(Stored items from a collection)
(* Let $0<q<1$ and $q^*=2-q$. Let $X_1,X_2,\dots,X_n$ be i.i.d. real random variables. Then for all real $x$ and all $a>0$ with $(1-q)ax<1$, $$\mathrm{Prob}\left(\frac1n\sum_{k=1}^nX_k\ge x\right)\le\left[\exp_q(-ax)\right]^nA^n(a),\qquad A(a)=\mathbb{E}\exp_{q^*}(aX_1).$$
   Context: For $q\in(0,2)$, $q\ne1$, the $q$-deformed exponential is $\exp_q(u)=[1+(1-q)u]_+^{1/(1-q)}$ for real $u$ (value in $[0,+\infty]$), where $[u]_+=\max(u,0)$. *)

theory Defs
  imports "HOL-Probability.Probability"
begin

definition qexp :: "real \<Rightarrow> real \<Rightarrow> ennreal" where
  "qexp q u = (let b = max (1 + (1 - q) * u) 0 in
     if b = 0 then (if 1 / (1 - q) > 0 then 0 else \<infinity>)
     else ennreal (b powr (1 / (1 - q))))"

end

theory Submission
  imports Defs
begin

text \<open>For q < 1, exp_q(u) is a positive power of the affine function 1 + (1 - q) u, so the
  AM-GM inequality gives prod_k exp_q(u_k) \<le> exp_q(v)^n whenever sum_k u_k \<le> n v; moreover
  exp_{2-q}(u) = 1 / exp_q(-u). With u_k = -a X_k and v = -a x this bounds the indicator of the
  event by exp_q(-ax)^n prod_k exp_{2-q}(a X_k), a Markov-type (Chernoff) bound. Integrating,
  independence factorises the expectation and identical distribution makes every factor A(a).\<close>

lemma qexp_eq_powr:
  assumes "q < 1"
  shows "qexp q u = ennreal (max (1 + (1 - q) * u) 0 powr (1 / (1 - q)))"
  using assms unfolding qexp_def Let_def by auto

lemma qexp_less_top:
  assumes "q < 1"
  shows "qexp q u < top"
  using qexp_eq_powr[OF assms] by simp

lemma qexp_pos:
  assumes "q < 1" "1 + (1 - q) * u > 0"
  shows "qexp q u > 0"
  using assms by (simp add: qexp_eq_powr)

lemma qexp_two_minus_eq_inverse:
  assumes "q < 1"
  shows "qexp (2 - q) u = inverse (qexp q (- u))"
proof (cases "1 - (1 - q) * u > 0")
  case True
  have "1 + (1 - (2 - q)) * u = 1 - (1 - q) * u" "1 / (1 - (2 - q)) = - (1 / (1 - q))"
    using assms by (simp_all add: field_simps)
  then show ?thesis
    using True by (simp add: qexp_def qexp_eq_powr[OF assms] inverse_ennreal powr_minus)
next
  case False
  then show ?thesis
    using assms by (simp add: qexp_def qexp_eq_powr Let_def max_def algebra_simps)
qed

lemma qexp_measurable [measurable]: "qexp q \<in> borel_measurable borel"
  unfolding qexp_def Let_def by measurable

lemma prod_le_mean_power:
  fixes x :: "'a \<Rightarrow> real"
  assumes "finite S" and nonneg: "\<And>i. i \<in> S \<Longrightarrow> x i \<ge> 0"
    and mean: "(\<Sum>i\<in>S. x i) \<le> real (card S) * s"
  shows "(\<Prod>i\<in>S. x i) \<le> s ^ card S"
proof (cases "S = {}")
  case False
  define m where "m = (\<Sum>i\<in>S. x i / card S)"
  have card_pos: "card S > 0"
    using False \<open>finite S\<close> by (simp add: card_gt_0_iff)
  have "m = (\<Sum>i\<in>S. x i) / card S"
    by (simp add: m_def sum_divide_distrib)
  then have "m \<le> s" "0 \<le> m"
    using mean card_pos nonneg by (simp_all add: divide_le_eq mult.commute sum_nonneg)
  have prod_nonneg: "0 \<le> (\<Prod>i\<in>S. x i)"
    using nonneg by (simp add: prod_nonneg)
  have "(\<Prod>i\<in>S. x i) = ((\<Prod>i\<in>S. x i) powr (1 / card S)) ^ card S"
    using prod_nonneg card_pos by (simp add: powr_realpow'[symmetric] powr_powr)
  also have "\<dots> \<le> m ^ card S"
    using arith_geom_mean[OF \<open>finite S\<close> False nonneg] by (simp add: m_def power_mono)
  also have "\<dots> \<le> s ^ card S"
    using \<open>m \<le> s\<close> \<open>0 \<le> m\<close> by (rule power_mono)
  finally show ?thesis .
qed simp

lemma prod_qexp_le_qexp_power:
  assumes "q < 1" "finite I" and mean: "(\<Sum>k\<in>I. u k) \<le> real (card I) * v"
  shows "(\<Prod>k\<in>I. qexp q (u k)) \<le> qexp q v ^ card I"
proof (cases "\<exists>k\<in>I. 1 + (1 - q) * u k \<le> 0")
  case True
  then have "(\<Prod>k\<in>I. qexp q (u k)) = 0"
    using assms by (auto simp: qexp_eq_powr max_def)
  then show ?thesis by (metis zero_le)
next
  case False
  define p where "p = 1 / (1 - q)"
  define b where "b k = 1 + (1 - q) * u k" for k
  define c where "c = 1 + (1 - q) * v"
  have b_pos: "b k > 0" if "k \<in> I" for k
    using False that by (auto simp: b_def)
  have "(\<Sum>k\<in>I. b k) = real (card I) + (1 - q) * (\<Sum>k\<in>I. u k)"
    by (simp add: b_def sum.distrib sum_distrib_left)
  also have "\<dots> \<le> real (card I) + (1 - q) * (real (card I) * v)"
    using mean \<open>q < 1\<close> by (simp add: mult_left_mono)
  also have "\<dots> = real (card I) * c"
    by (simp add: c_def algebra_simps)
  finally have sum_le: "(\<Sum>k\<in>I. b k) \<le> real (card I) * c" .
  have prod_le: "(\<Prod>k\<in>I. b k) \<le> c ^ card I"
    using prod_le_mean_power[OF \<open>finite I\<close> _ sum_le] b_pos by (simp add: less_imp_le)
  have c_pos: "c > 0" if "I \<noteq> {}"
  proof -
    have "0 < (\<Sum>k\<in>I. b k)"
      using b_pos that \<open>finite I\<close> by (intro sum_pos)
    then have "0 < real (card I) * c"
      using sum_le by linarith
    then show ?thesis
      by (auto simp: zero_less_mult_iff)
  qed
  have "(\<Prod>k\<in>I. qexp q (u k)) = (\<Prod>k\<in>I. ennreal (b k powr p))"
    using b_pos \<open>q < 1\<close> by (intro prod.cong) (auto simp: qexp_eq_powr b_def p_def)
  also have "\<dots> = ennreal ((\<Prod>k\<in>I. b k) powr p)"
    using b_pos by (simp add: prod_ennreal prod_powr_distrib less_imp_le)
  also have "\<dots> \<le> ennreal ((c ^ card I) powr p)"
    using prod_le b_pos
    by (intro ennreal_leI powr_mono2) (auto simp: p_def \<open>q < 1\<close> prod_nonneg less_imp_le)
  also have "\<dots> = qexp q v ^ card I"
    using c_pos \<open>q < 1\<close>
    by (cases "I = {}")
      (auto simp: qexp_eq_powr c_def p_def ennreal_power powr_power powr_realpow[symmetric] powr_powr)
  finally show ?thesis .
qed

lemma prod_less_top_ennreal:
  fixes f :: "'a \<Rightarrow> ennreal"
  assumes "\<And>i. i \<in> I \<Longrightarrow> f i < top"
  shows "(\<Prod>i\<in>I. f i) < top"
  using assms by (induction I rule: infinite_finite_induct) (simp_all add: ennreal_mult_less_top)

lemma prod_inverse_ennreal:
  fixes f :: "'a \<Rightarrow> ennreal"
  assumes "\<And>i. i \<in> I \<Longrightarrow> f i < top"
  shows "(\<Prod>i\<in>I. inverse (f i)) = inverse (\<Prod>i\<in>I. f i)"
  using assms
proof (induction I rule: infinite_finite_induct)
  case (insert i I)
  have "(\<Prod>i\<in>I. f i) < top"
    using insert.prems by (intro prod_less_top_ennreal) simp
  then show ?case
    using insert by (simp add: ennreal_inverse_mult)
qed simp_all

lemma one_le_mult_inverse_ennreal:
  fixes a c :: ennreal
  assumes "a \<le> c" "a < top" "0 < c"
  shows "1 \<le> c * inverse a"
proof (cases "a = 0")
  case True
  then show ?thesis
    using \<open>0 < c\<close> by (simp add: ennreal_mult_top)
next
  case False
  then have "1 = a * inverse a"
    using ennreal_divide_self[of a] \<open>a < top\<close> by (simp add: divide_ennreal_def)
  also have "\<dots> \<le> c * inverse a"
    using \<open>a \<le> c\<close> by (rule mult_right_mono) simp
  finally show ?thesis .
qed

lemma one_le_qexp_power_mult_prod_qexp_dual:
  fixes y :: "'i \<Rightarrow> real"
  assumes "q < 1" "a \<ge> 0" "(1 - q) * a * x < 1" "finite I"
    and mean: "real (card I) * x \<le> (\<Sum>k\<in>I. y k)"
  shows "1 \<le> qexp q (- a * x) ^ card I * (\<Prod>k\<in>I. qexp (2 - q) (a * y k))"
proof -
  have "0 < qexp q (- a * x)"
    using assms by (intro qexp_pos) (simp_all add: algebra_simps)
  then have C_pos: "0 < qexp q (- a * x) ^ card I"
    by (metis not_gr_zero power_not_zero)
  have "(\<Sum>k\<in>I. - (a * y k)) = - a * (\<Sum>k\<in>I. y k)"
    by (simp add: sum_distrib_left sum_negf)
  also have "\<dots> \<le> real (card I) * (- a * x)"
    using mult_left_mono[OF mean \<open>a \<ge> 0\<close>] by (simp add: algebra_simps)
  finally have "(\<Prod>k\<in>I. qexp q (- (a * y k))) \<le> qexp q (- a * x) ^ card I"
    using assms by (intro prod_qexp_le_qexp_power)
  moreover have "(\<Prod>k\<in>I. qexp q (- (a * y k))) < top"
    using qexp_less_top[OF \<open>q < 1\<close>] by (rule prod_less_top_ennreal)
  ultimately have "1 \<le> qexp q (- a * x) ^ card I * inverse (\<Prod>k\<in>I. qexp q (- (a * y k)))"
    using C_pos by (rule one_le_mult_inverse_ennreal)
  also have "inverse (\<Prod>k\<in>I. qexp q (- (a * y k))) = (\<Prod>k\<in>I. qexp (2 - q) (a * y k))"
    using qexp_less_top[OF \<open>q < 1\<close>]
    by (simp add: prod_inverse_ennreal[symmetric] qexp_two_minus_eq_inverse[OF \<open>q < 1\<close>])
  finally show ?thesis .
qed

lemma (in prob_space) nn_integral_prod_indep_identically_distributed:
  fixes X :: "'i \<Rightarrow> 'a \<Rightarrow> 'b" and g :: "'b \<Rightarrow> ennreal"
  assumes "finite I" "j \<in> I" and indep: "indep_vars (\<lambda>_. N) X I"
    and ident: "\<And>k. k \<in> I \<Longrightarrow> distr M N (X k) = distr M N (X j)"
    and g: "g \<in> borel_measurable N"
  shows "(\<integral>\<^sup>+\<omega>. (\<Prod>k\<in>I. g (X k \<omega>)) \<partial>M) = (\<integral>\<^sup>+\<omega>. g (X j \<omega>) \<partial>M) ^ card I"
proof -
  have rv: "X k \<in> measurable M N" if "k \<in> I" for k
    using indep that by (simp add: indep_vars_def)
  have "indep_vars (\<lambda>_. borel) (\<lambda>k \<omega>. g (X k \<omega>)) I"
    using indep g by (rule indep_vars_compose2)
  then have "(\<integral>\<^sup>+\<omega>. (\<Prod>k\<in>I. g (X k \<omega>)) \<partial>M) = (\<Prod>k\<in>I. \<integral>\<^sup>+\<omega>. g (X k \<omega>) \<partial>M)"
    using \<open>finite I\<close> by (intro indep_vars_nn_integral) auto
  also have "\<dots> = (\<Prod>k\<in>I. \<integral>\<^sup>+\<omega>. g (X j \<omega>) \<partial>M)"
  proof (rule prod.cong)
    fix k assume "k \<in> I"
    have "(\<integral>\<^sup>+\<omega>. g (X k \<omega>) \<partial>M) = (\<integral>\<^sup>+u. g u \<partial>distr M N (X k))"
      using rv[OF \<open>k \<in> I\<close>] g by (simp add: nn_integral_distr)
    also have "\<dots> = (\<integral>\<^sup>+\<omega>. g (X j \<omega>) \<partial>M)"
      using ident[OF \<open>k \<in> I\<close>] rv[OF \<open>j \<in> I\<close>] g by (simp add: nn_integral_distr)
    finally show "(\<integral>\<^sup>+\<omega>. g (X k \<omega>) \<partial>M) = (\<integral>\<^sup>+\<omega>. g (X j \<omega>) \<partial>M)" .
  qed simp
  finally show ?thesis
    by simp
qed

theorem proposition3:
  fixes M :: "'a measure" and X :: "nat \<Rightarrow> 'a \<Rightarrow> real"
    and q x a :: real and n :: nat
  assumes "prob_space M"
    and "0 < q" and "q < 1"
    and "n \<ge> 1"
    and rv: "\<And>k. k \<in> {1..n} \<Longrightarrow> X k \<in> borel_measurable M"
    and indep: "prob_space.indep_vars M (\<lambda>_. borel) X {1..n}"
    and ident: "\<And>k. k \<in> {1..n} \<Longrightarrow> distr M borel (X k) = distr M borel (X 1)"
    and "a > 0" and "(1 - q) * a * x < 1"
  shows "emeasure M {\<omega> \<in> space M. (1 / real n) * (\<Sum>k=1..n. X k \<omega>) \<ge> x}
         \<le> (qexp q (- a * x)) ^ n * (\<integral>\<^sup>+ \<omega>. qexp (2 - q) (a * X 1 \<omega>) \<partial>M) ^ n"
proof -
  interpret prob_space M by fact
  let ?E = "{\<omega> \<in> space M. (1 / real n) * (\<Sum>k=1..n. X k \<omega>) \<ge> x}"
  let ?C = "qexp q (- a * x) ^ n"
  have "?E \<in> sets M"
    using rv by measurable
  have indicator_le: "indicator ?E \<omega> \<le> ?C * (\<Prod>k\<in>{1..n}. qexp (2 - q) (a * X k \<omega>))" for \<omega>
  proof (cases "\<omega> \<in> ?E")
    case True
    then have "real (card {1..n}) * x \<le> (\<Sum>k=1..n. X k \<omega>)"
      using \<open>n \<ge> 1\<close> by (simp add: field_simps)
    with one_le_qexp_power_mult_prod_qexp_dual[of q a x "{1..n}" "\<lambda>k. X k \<omega>"] assms True
    show ?thesis
      by simp
  qed simp
  have "emeasure M ?E = (\<integral>\<^sup>+\<omega>. indicator ?E \<omega> \<partial>M)"
    using \<open>?E \<in> sets M\<close> by simp
  also have "\<dots> \<le> (\<integral>\<^sup>+\<omega>. ?C * (\<Prod>k\<in>{1..n}. qexp (2 - q) (a * X k \<omega>)) \<partial>M)"
    using indicator_le by (rule nn_integral_mono)
  also have "\<dots> = ?C * (\<integral>\<^sup>+\<omega>. (\<Prod>k\<in>{1..n}. qexp (2 - q) (a * X k \<omega>)) \<partial>M)"
    using rv by (intro nn_integral_cmult) measurable
  also have "(\<integral>\<^sup>+\<omega>. (\<Prod>k\<in>{1..n}. qexp (2 - q) (a * X k \<omega>)) \<partial>M)
      = (\<integral>\<^sup>+\<omega>. qexp (2 - q) (a * X 1 \<omega>) \<partial>M) ^ n"
    using nn_integral_prod_indep_identically_distributed[OF _ _ indep ident,
        where g = "\<lambda>u. qexp (2 - q) (a * u)"] \<open>n \<ge> 1\<close>
    by simp
  finally show ?thesis .
qed

end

Task requirements: Repeat, word for word, the lines from the start of the records to the line that contains "u = ennreal", both of them included, and no others.

Written answer:
(* Let $0<q<1$ and $q^*=2-q$. Let $X_1,X_2,\dots,X_n$ be i.i.d. real random variables. Then for all real $x$ and all $a>0$ with $(1-q)ax<1$, $$\mathrm{Prob}\left(\frac1n\sum_{k=1}^nX_k\ge x\right)\le\left[\exp_q(-ax)\right]^nA^n(a),\qquad A(a)=\mathbb{E}\exp_{q^*}(aX_1).$$
   Context: For $q\in(0,2)$, $q\ne1$, the $q$-deformed exponential is $\exp_q(u)=[1+(1-q)u]_+^{1/(1-q)}$ for real $u$ (value in $[0,+\infty]$), where $[u]_+=\max(u,0)$. *)

theory Defs
  imports "HOL-Probability.Probability"
begin

definition qexp :: "real \<Rightarrow> real \<Rightarrow> ennreal" where
  "qexp q u = (let b = max (1 + (1 - q) * u) 0 in
     if b = 0 then (if 1 / (1 - q) > 0 then 0 else \<infinity>)
     else ennreal (b powr (1 / (1 - q))))"

end

theory Submission
  imports Defs
begin

text \<open>For q < 1, exp_q(u) is a positive power of the affine function 1 + (1 - q) u, so the
  AM-GM inequality gives prod_k exp_q(u_k) \<le> exp_q(v)^n whenever sum_k u_k \<le> n v; moreover
  exp_{2-q}(u) = 1 / exp_q(-u). With u_k = -a X_k and v = -a x this bounds the indicator of the
  event by exp_q(-ax)^n prod_k exp_{2-q}(a X_k), a Markov-type (Chernoff) bound. Integrating,
  independence factorises the expectation and identical distribution makes every factor A(a).\<close>

lemma qexp_eq_powr:
  assumes "q < 1"
  shows "qexp q u = ennreal (max (1 + (1 - q) * u) 0 powr (1 / (1 - q)))"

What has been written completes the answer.